lemma pencil_mult_right:
  assumes A: "A \<in> carrier_mat k1 k1" and D: "D \<in> carrier_mat k1 k1" and W: "W \<in> carrier_mat k1 k2"
  shows "pencil k1 A D * map_mat cst W
    = varx \<cdot>\<^sub>m map_mat cst W - (map_mat cst (A * W) - vart \<cdot>\<^sub>m map_mat cst (D * W))"
proof -
  interpret cst: semiring_hom cst by (rule cst_hom)
  have Ac: "map_mat cst A \<in> carrier_mat k1 k1" and Dc: "vart \<cdot>\<^sub>m map_mat cst D \<in> carrier_mat k1 k1"
    and Wc: "map_mat cst W \<in> carrier_mat k1 k2" using A D W by simp_all
  have "pencil k1 A D * map_mat cst W = (varx \<cdot>\<^sub>m 1\<^sub>m k1) * map_mat cst W
      - (map_mat cst A * map_mat cst W - (vart \<cdot>\<^sub>m map_mat cst D) * map_mat cst W)"
    unfolding pencil_def
    using minus_mult_distrib_mat[OF _ minus_carrier_mat[OF Dc] Wc] minus_mult_distrib_mat[OF Ac Dc Wc]
    by simp
  then show ?thesis using A D W
    by (simp add: mult_smult_assoc_mat[of _ k1 k1] cst.mat_hom_mult)
qed

lemma pencil_mult_left:
  assumes A: "A \<in> carrier_mat k2 k2" and D: "D \<in> carrier_mat k2 k2" and W: "W \<in> carrier_mat k1 k2"
  shows "map_mat cst W * pencil k2 A D
    = varx \<cdot>\<^sub>m map_mat cst W - (map_mat cst (W * A) - vart \<cdot>\<^sub>m map_mat cst (W * D))"
proof -
  interpret cst: semiring_hom cst by (rule cst_hom)
  have Ac: "map_mat cst A \<in> carrier_mat k2 k2" and Dc: "vart \<cdot>\<^sub>m map_mat cst D \<in> carrier_mat k2 k2"
    and Wc: "map_mat cst W \<in> carrier_mat k1 k2" and Dc': "map_mat cst D \<in> carrier_mat k2 k2"
    using A D W by simp_all
  have "map_mat cst W * pencil k2 A D = map_mat cst W * (varx \<cdot>\<^sub>m 1\<^sub>m k2)
      - (map_mat cst W * map_mat cst A - map_mat cst W * (vart \<cdot>\<^sub>m map_mat cst D))"
    unfolding pencil_def
    using mult_minus_distrib_mat[OF Wc _ minus_carrier_mat[OF Dc]] mult_minus_distrib_mat[OF Wc Ac Dc]
    by simp
  then show ?thesis using A D W
    by (simp add: mult_smult_distrib[OF Wc one_carrier_mat] mult_smult_distrib[OF Wc Dc']
        cst.mat_hom_mult)
qed

lemma pencil_intertwine:
  assumes "A1 \<in> carrier_mat k1 k1" and "D1 \<in> carrier_mat k1 k1"
    and "A2 \<in> carrier_mat k2 k2" and "D2 \<in> carrier_mat k2 k2" and "W \<in> carrier_mat k1 k2"
    and "A1 * W = W * A2" and "D1 * W = W * D2"
  shows "pencil k1 A1 D1 * map_mat cst W = map_mat cst W * pencil k2 A2 D2"
  using assms by (simp add: pencil_mult_right pencil_mult_left)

### REQUIRED ACTION
Copy out each line of the entries that holds "using".

### REPLY TO THE EXERCISE
    and Wc: "map_mat cst W \<in> carrier_mat k1 k2" using A D W by simp_all
    using minus_mult_distrib_mat[OF _ minus_carrier_mat[OF Dc] Wc] minus_mult_distrib_mat[OF Ac Dc Wc]
  then show ?thesis using A D W
    using A D W by simp_all
    using mult_minus_distrib_mat[OF Wc _ minus_carrier_mat[OF Dc]] mult_minus_distrib_mat[OF Wc Ac Dc]
  then show ?thesis using A D W
  using assms by (simp add: pencil_mult_right pencil_mult_left)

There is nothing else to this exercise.